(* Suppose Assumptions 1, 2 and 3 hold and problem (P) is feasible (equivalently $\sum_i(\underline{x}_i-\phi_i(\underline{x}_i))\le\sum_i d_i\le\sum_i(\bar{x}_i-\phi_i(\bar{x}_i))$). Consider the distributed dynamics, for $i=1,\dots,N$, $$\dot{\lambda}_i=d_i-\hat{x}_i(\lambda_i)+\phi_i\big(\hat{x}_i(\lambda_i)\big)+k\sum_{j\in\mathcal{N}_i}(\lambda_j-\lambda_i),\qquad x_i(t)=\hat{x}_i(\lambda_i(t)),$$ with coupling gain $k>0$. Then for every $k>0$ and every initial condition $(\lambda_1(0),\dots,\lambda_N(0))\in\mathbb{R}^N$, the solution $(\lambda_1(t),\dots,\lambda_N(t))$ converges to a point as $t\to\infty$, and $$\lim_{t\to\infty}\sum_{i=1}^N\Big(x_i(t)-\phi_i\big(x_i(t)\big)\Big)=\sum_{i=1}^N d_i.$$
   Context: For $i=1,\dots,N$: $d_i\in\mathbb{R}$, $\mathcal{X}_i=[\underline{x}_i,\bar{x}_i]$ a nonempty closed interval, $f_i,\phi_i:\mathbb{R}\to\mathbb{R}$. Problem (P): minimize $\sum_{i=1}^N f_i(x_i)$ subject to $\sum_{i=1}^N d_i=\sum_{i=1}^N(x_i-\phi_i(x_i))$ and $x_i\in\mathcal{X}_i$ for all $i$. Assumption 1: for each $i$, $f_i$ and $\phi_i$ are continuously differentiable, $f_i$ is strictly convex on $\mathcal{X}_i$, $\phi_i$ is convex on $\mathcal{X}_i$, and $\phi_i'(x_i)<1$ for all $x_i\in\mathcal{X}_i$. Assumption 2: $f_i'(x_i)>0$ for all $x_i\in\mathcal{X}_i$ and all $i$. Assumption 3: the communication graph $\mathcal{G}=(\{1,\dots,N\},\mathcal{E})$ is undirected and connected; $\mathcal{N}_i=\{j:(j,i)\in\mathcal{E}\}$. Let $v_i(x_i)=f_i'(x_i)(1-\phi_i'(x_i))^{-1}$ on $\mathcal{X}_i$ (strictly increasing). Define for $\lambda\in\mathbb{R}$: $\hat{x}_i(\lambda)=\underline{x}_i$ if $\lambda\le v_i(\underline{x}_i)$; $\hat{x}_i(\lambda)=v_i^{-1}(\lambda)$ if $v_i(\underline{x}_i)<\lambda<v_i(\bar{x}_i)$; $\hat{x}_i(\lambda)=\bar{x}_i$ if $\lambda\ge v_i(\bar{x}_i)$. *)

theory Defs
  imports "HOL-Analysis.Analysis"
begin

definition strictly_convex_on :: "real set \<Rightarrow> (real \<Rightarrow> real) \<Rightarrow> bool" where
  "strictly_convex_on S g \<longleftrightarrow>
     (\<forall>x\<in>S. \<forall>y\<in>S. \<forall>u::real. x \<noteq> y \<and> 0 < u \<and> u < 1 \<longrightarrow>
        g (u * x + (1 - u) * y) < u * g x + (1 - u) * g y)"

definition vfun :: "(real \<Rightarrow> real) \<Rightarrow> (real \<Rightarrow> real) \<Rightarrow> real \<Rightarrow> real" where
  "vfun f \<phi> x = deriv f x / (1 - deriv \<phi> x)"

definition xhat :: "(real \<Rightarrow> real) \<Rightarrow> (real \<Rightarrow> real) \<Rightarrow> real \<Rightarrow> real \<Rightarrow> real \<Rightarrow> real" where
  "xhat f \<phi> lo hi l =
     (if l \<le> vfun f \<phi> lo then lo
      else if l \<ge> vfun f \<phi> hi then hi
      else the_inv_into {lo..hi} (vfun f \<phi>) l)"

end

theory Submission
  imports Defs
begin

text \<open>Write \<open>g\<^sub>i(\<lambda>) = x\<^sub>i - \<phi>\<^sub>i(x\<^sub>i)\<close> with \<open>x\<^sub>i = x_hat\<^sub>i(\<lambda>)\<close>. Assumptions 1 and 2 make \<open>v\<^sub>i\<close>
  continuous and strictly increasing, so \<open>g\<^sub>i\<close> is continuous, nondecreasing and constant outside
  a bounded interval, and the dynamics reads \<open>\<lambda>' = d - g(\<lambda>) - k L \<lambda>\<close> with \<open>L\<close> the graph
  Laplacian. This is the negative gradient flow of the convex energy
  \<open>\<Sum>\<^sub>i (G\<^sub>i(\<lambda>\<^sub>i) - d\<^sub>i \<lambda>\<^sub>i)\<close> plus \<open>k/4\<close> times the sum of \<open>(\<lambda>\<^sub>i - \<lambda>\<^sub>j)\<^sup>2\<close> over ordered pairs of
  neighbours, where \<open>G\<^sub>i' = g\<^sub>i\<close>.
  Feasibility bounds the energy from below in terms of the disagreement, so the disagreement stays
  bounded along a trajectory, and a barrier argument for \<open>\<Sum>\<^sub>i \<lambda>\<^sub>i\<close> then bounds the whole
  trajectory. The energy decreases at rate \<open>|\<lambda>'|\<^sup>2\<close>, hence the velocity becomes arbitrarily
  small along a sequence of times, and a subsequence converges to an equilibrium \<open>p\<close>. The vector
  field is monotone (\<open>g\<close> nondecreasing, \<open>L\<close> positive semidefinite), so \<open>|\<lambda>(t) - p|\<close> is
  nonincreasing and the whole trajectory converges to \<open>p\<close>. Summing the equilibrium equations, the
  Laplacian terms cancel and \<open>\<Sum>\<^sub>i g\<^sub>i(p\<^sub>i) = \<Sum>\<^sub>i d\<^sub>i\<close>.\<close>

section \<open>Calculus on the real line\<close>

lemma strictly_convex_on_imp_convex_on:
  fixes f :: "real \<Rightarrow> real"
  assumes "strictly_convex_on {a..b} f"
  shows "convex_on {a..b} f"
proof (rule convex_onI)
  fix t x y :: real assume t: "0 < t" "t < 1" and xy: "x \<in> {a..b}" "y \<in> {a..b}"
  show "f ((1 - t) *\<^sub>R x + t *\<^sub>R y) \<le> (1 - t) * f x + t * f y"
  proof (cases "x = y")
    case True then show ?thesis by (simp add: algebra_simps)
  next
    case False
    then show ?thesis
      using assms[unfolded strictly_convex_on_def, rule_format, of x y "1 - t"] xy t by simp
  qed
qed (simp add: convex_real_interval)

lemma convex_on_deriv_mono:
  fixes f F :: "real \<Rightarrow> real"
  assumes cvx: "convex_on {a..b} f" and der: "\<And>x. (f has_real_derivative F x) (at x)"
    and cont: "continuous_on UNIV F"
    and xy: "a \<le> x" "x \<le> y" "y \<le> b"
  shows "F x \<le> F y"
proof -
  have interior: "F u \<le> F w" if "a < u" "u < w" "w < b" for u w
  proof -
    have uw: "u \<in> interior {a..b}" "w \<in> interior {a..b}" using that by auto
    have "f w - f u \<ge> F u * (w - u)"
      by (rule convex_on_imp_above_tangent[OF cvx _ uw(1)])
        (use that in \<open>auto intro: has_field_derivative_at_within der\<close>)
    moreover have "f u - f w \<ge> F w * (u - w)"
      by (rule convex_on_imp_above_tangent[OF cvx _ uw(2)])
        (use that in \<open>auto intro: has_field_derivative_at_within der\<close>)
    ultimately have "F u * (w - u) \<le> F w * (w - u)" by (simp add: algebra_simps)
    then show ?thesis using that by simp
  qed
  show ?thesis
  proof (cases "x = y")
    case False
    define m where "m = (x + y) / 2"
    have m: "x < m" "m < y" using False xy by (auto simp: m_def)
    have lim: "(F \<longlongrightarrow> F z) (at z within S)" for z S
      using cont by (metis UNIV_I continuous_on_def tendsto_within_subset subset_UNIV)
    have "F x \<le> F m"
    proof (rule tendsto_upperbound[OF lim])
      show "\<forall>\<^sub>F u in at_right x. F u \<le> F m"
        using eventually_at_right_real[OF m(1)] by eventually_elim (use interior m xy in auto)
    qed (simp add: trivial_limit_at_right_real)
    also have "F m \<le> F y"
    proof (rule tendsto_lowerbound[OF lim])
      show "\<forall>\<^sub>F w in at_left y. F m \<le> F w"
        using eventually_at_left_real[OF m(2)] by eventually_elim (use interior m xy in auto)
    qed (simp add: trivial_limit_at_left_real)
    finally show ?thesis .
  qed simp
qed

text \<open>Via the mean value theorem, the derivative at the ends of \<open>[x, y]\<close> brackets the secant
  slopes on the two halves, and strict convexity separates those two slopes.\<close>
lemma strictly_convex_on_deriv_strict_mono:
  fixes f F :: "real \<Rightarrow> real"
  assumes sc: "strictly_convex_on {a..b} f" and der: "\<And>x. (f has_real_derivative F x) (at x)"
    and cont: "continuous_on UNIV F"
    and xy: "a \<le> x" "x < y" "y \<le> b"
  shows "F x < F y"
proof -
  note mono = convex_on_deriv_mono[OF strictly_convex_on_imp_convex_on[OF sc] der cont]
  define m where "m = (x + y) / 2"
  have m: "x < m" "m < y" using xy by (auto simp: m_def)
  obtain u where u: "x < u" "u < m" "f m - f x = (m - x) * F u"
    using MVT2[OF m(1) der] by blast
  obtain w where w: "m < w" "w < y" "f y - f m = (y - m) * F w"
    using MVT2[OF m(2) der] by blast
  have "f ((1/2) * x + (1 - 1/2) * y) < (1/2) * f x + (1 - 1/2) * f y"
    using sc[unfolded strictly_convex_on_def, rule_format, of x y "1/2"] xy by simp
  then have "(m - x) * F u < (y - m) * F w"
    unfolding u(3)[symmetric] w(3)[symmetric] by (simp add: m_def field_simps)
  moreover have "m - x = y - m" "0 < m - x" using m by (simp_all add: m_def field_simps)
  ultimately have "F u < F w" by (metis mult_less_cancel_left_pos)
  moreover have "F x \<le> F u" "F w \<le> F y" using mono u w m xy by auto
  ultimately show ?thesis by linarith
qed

+ + + + +

▶ **Assigned task**:
After locating the line that contains "using MVT2[OF m(2) der] by blast", print that line and every one after it through the last line of the listing, exactly.

▶ **Finished task**:
    using MVT2[OF m(2) der] by blast
  have "f ((1/2) * x + (1 - 1/2) * y) < (1/2) * f x + (1 - 1/2) * f y"
    using sc[unfolded strictly_convex_on_def, rule_format, of x y "1/2"] xy by simp
  then have "(m - x) * F u < (y - m) * F w"
    unfolding u(3)[symmetric] w(3)[symmetric] by (simp add: m_def field_simps)
  moreover have "m - x = y - m" "0 < m - x" using m by (simp_all add: m_def field_simps)
  ultimately have "F u < F w" by (metis mult_less_cancel_left_pos)
  moreover have "F x \<le> F u" "F w \<le> F y" using mono u w m xy by auto
  ultimately show ?thesis by linarith
qed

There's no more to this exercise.